══ Source data ══

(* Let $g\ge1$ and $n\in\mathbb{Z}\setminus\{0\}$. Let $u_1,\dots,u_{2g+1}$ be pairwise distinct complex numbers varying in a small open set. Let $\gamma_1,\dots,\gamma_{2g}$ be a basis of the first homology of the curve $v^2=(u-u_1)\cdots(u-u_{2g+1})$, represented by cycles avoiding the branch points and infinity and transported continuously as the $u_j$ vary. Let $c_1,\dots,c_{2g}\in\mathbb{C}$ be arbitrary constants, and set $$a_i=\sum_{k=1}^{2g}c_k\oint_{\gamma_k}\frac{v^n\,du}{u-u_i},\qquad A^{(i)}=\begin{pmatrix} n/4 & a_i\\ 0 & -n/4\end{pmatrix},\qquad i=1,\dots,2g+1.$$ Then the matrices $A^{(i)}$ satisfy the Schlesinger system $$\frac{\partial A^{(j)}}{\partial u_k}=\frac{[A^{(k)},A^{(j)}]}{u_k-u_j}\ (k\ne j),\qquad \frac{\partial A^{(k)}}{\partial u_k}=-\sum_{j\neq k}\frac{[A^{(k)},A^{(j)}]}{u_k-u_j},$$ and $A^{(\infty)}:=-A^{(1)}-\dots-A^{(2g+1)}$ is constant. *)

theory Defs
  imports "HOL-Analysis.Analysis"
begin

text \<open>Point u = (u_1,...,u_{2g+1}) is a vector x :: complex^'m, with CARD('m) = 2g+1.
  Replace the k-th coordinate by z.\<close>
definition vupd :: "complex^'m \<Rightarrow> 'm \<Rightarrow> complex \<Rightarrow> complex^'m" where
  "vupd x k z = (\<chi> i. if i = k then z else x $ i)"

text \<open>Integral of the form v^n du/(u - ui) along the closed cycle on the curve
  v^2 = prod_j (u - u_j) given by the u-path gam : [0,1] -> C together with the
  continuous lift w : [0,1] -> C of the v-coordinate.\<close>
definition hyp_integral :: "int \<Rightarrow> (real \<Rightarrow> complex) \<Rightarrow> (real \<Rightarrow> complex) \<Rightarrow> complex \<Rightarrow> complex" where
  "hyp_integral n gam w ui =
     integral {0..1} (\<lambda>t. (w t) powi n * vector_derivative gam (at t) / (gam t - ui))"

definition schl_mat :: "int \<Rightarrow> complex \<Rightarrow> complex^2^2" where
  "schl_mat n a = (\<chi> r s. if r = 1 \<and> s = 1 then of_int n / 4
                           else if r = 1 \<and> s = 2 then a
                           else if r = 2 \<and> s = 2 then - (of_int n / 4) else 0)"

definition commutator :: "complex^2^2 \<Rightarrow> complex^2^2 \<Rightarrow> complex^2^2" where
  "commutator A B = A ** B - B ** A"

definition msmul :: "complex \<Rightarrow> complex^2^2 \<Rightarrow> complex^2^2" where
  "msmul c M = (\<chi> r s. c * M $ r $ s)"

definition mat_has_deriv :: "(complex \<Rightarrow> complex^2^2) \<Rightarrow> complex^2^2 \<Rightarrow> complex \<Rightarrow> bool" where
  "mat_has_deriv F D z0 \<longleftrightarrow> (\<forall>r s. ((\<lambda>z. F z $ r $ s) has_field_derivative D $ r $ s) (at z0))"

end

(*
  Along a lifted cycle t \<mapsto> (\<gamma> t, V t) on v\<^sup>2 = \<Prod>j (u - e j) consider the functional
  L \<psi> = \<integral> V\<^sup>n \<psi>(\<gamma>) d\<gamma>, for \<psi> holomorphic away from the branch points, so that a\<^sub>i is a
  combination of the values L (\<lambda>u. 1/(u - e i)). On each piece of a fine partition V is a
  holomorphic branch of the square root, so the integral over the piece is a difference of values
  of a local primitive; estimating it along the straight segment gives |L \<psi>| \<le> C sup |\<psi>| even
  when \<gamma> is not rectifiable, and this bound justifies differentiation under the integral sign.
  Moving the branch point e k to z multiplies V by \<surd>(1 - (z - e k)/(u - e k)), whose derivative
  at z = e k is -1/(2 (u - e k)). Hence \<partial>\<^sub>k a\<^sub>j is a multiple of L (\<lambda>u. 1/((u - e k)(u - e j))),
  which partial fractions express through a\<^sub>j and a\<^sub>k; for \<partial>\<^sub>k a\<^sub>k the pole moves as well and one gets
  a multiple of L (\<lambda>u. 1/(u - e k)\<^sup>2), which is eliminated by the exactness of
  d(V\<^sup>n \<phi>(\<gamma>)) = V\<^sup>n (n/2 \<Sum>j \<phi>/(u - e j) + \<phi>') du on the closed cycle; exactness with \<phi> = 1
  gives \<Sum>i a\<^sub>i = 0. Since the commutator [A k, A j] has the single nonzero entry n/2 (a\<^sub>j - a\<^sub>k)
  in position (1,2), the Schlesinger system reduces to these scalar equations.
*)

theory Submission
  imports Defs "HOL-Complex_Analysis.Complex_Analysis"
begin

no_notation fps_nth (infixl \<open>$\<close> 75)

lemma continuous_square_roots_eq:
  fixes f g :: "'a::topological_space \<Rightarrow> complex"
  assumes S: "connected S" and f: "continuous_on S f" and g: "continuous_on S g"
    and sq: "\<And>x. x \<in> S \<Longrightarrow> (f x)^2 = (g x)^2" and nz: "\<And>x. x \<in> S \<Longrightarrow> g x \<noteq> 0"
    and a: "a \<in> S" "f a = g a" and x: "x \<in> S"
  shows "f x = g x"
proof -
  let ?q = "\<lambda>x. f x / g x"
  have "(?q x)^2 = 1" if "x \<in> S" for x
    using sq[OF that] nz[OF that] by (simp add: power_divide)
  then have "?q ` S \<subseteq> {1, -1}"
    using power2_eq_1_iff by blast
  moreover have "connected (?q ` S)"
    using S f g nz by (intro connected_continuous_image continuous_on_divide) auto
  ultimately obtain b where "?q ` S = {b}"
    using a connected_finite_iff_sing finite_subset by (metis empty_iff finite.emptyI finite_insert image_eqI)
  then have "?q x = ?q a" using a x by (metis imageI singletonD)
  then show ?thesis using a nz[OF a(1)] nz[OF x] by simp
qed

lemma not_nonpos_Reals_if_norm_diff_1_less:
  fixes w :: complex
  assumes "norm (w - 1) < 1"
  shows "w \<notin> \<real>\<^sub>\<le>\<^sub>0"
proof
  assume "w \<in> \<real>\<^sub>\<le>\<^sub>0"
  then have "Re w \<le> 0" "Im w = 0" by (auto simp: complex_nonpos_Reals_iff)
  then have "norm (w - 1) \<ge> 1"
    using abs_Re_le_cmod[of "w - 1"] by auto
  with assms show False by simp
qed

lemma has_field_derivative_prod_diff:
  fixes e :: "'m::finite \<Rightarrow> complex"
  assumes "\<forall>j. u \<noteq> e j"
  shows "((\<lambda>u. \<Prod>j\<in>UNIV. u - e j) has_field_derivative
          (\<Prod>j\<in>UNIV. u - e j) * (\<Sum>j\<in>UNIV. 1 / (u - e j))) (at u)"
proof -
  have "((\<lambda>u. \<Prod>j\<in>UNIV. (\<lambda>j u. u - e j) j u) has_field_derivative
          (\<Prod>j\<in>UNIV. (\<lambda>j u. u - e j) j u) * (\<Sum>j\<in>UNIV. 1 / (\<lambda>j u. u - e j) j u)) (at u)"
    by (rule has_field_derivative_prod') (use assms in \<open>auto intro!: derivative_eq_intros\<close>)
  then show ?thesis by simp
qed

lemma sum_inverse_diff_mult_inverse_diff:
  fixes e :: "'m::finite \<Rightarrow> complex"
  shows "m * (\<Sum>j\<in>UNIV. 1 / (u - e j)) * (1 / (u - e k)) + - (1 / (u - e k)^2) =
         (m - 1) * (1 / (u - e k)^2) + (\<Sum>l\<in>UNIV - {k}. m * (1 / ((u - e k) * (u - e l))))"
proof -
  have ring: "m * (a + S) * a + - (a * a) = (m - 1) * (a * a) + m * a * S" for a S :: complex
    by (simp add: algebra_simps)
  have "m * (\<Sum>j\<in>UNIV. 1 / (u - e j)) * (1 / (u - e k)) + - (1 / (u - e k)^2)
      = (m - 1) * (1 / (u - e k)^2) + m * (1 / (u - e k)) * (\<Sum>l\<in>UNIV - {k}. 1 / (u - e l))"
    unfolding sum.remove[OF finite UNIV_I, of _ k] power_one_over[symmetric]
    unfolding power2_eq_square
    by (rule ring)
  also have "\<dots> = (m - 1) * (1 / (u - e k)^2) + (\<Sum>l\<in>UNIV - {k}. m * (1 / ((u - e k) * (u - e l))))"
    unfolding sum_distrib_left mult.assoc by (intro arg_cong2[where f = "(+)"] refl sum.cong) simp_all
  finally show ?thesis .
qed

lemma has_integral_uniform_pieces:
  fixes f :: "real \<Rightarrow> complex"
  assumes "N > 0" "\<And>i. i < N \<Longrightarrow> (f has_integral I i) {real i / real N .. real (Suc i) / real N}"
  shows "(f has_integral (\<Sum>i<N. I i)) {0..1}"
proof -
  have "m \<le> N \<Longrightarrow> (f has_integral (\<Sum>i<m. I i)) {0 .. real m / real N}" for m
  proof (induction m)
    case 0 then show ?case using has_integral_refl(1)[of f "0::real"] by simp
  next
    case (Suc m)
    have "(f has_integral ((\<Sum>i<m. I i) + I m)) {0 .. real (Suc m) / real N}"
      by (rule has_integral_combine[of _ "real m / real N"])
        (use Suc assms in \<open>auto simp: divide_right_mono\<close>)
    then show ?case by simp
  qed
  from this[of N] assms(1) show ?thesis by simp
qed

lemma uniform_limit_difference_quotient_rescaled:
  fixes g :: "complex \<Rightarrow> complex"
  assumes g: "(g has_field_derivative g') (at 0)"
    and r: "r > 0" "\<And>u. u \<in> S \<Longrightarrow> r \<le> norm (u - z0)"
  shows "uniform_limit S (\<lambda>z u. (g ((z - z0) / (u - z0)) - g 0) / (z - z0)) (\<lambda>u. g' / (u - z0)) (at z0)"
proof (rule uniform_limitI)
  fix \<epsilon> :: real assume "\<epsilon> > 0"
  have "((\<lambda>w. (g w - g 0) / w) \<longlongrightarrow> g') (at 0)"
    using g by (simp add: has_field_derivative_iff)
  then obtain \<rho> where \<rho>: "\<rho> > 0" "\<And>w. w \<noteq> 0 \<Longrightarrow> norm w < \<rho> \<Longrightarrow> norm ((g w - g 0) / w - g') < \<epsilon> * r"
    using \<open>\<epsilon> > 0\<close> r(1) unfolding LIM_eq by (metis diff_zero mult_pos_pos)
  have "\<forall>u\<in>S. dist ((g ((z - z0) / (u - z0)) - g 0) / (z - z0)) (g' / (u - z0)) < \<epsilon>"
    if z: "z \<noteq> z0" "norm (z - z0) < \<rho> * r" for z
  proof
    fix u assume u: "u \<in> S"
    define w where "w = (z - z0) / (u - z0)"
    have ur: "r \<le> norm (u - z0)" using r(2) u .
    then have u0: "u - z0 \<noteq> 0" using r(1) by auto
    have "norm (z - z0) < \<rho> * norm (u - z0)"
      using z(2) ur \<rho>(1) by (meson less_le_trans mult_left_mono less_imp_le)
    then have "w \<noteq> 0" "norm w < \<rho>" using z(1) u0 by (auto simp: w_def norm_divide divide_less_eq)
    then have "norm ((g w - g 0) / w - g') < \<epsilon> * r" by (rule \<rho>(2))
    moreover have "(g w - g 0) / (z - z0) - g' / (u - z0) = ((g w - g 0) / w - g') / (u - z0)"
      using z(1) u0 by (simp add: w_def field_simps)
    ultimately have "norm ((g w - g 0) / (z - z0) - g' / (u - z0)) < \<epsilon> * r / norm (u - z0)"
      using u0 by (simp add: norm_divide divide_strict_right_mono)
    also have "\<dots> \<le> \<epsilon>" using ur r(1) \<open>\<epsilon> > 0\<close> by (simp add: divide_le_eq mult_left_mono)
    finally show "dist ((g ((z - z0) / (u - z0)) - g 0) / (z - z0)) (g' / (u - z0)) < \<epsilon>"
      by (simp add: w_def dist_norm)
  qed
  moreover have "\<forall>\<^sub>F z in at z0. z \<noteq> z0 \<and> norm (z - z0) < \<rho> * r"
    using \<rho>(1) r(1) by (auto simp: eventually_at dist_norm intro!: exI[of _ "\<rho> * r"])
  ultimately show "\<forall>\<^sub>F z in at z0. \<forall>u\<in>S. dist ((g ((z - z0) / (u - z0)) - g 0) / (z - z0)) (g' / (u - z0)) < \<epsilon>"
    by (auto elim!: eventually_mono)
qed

═══
══ Source data ══

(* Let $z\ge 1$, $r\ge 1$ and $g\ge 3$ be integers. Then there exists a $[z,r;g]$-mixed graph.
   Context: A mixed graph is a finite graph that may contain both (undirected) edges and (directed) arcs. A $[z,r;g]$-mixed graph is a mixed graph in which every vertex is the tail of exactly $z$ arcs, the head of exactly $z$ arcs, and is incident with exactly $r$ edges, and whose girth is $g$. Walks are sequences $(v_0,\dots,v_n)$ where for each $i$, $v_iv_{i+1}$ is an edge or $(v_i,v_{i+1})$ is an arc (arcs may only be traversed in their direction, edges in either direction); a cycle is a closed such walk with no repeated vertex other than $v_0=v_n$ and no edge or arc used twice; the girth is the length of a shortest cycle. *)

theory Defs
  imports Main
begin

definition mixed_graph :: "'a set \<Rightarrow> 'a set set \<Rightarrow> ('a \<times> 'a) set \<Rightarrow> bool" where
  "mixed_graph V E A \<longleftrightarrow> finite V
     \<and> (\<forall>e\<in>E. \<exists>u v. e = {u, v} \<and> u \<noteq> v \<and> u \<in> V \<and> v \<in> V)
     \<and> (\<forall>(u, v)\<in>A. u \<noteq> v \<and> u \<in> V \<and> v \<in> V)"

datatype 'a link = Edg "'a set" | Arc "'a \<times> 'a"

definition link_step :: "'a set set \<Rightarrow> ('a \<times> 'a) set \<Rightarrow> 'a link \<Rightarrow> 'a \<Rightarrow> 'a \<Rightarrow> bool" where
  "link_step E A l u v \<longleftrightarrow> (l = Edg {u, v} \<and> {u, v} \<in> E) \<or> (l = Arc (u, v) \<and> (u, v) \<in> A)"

═══
══ Source data ══

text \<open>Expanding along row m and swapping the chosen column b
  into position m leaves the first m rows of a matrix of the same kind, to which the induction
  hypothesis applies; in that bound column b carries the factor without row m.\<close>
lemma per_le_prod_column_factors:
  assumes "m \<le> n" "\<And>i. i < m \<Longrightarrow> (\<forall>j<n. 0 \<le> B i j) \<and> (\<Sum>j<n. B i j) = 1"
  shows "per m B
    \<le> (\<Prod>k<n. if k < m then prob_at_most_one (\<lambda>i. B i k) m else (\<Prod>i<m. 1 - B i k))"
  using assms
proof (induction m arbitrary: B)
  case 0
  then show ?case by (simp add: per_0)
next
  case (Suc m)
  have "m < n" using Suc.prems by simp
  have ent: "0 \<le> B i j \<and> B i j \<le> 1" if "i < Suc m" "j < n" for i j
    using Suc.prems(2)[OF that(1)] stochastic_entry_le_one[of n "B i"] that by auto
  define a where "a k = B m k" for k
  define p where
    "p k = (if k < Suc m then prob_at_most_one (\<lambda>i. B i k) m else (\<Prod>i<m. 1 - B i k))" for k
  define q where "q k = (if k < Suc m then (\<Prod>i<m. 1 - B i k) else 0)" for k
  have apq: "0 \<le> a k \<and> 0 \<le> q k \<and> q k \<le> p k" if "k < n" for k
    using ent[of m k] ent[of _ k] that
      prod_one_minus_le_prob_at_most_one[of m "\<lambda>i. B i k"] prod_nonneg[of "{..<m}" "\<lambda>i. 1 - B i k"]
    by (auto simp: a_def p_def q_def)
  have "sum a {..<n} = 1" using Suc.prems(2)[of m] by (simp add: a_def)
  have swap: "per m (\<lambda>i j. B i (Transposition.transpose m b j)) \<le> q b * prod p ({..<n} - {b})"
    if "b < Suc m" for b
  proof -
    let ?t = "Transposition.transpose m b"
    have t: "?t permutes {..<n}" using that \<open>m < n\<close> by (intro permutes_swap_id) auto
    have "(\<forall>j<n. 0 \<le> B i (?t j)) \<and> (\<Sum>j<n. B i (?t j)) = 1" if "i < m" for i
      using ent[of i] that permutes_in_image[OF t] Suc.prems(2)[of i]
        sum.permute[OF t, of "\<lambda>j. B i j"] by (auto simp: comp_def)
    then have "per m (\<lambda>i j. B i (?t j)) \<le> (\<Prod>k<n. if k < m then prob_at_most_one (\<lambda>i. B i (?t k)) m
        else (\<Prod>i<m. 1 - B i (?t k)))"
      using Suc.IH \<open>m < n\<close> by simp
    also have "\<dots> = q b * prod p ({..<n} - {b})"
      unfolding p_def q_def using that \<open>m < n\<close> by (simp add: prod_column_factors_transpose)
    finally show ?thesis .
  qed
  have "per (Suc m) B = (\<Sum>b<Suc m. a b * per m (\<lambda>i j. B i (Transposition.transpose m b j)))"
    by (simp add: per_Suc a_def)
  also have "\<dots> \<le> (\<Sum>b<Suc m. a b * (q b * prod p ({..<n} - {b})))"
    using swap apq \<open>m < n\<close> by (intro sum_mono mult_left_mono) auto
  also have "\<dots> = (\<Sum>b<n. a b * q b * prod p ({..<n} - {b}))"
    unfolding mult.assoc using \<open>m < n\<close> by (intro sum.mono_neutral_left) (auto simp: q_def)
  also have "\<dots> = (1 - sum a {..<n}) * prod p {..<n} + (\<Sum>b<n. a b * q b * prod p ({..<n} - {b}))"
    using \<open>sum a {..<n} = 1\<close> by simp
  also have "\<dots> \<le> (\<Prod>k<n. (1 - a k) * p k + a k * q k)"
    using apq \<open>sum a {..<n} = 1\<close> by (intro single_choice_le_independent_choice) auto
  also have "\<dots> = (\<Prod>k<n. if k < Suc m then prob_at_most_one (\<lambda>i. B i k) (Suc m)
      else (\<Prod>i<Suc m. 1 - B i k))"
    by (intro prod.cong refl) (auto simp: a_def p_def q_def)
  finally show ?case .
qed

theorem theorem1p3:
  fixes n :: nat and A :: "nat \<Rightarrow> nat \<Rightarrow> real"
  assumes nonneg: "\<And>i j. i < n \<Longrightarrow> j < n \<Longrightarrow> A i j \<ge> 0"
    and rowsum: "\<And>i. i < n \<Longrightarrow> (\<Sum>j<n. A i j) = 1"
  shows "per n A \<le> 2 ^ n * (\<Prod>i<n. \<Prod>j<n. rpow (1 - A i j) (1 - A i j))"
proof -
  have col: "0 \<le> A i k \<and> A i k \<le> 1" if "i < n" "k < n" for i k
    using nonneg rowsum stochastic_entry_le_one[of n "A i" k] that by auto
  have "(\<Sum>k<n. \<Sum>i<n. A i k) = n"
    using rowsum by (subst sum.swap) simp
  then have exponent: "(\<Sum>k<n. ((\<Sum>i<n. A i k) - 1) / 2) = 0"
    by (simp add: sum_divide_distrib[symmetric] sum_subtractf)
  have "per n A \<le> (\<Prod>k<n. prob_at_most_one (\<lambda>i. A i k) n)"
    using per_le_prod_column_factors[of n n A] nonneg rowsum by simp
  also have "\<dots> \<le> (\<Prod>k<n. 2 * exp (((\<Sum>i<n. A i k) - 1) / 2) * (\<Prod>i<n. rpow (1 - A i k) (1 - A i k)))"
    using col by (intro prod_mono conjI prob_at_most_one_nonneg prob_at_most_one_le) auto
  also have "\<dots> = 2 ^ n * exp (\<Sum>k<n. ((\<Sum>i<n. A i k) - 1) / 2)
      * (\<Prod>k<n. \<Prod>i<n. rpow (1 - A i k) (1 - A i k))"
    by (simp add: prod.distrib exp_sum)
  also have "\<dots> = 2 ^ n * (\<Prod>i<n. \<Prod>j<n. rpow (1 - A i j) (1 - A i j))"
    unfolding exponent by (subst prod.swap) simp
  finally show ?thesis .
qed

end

═══

### Goal of the exercise
Reproduce the entries above exactly, but only the lines between the line holding "(\<forall>e\<in>E. \<exists>u v." and the line holding "u v \<longleftrightarrow>", inclusive.

### Answer box
     \<and> (\<forall>e\<in>E. \<exists>u v. e = {u, v} \<and> u \<noteq> v \<and> u \<in> V \<and> v \<in> V)
     \<and> (\<forall>(u, v)\<in>A. u \<noteq> v \<and> u \<in> V \<and> v \<in> V)"

datatype 'a link = Edg "'a set" | Arc "'a \<times> 'a"

definition link_step :: "'a set set \<Rightarrow> ('a \<times> 'a) set \<Rightarrow> 'a link \<Rightarrow> 'a \<Rightarrow> 'a \<Rightarrow> bool" where
  "link_step E A l u v \<longleftrightarrow> (l = Edg {u, v} \<and> {u, v} \<in> E) \<or> (l = Arc (u, v) \<and> (u, v) \<in> A)"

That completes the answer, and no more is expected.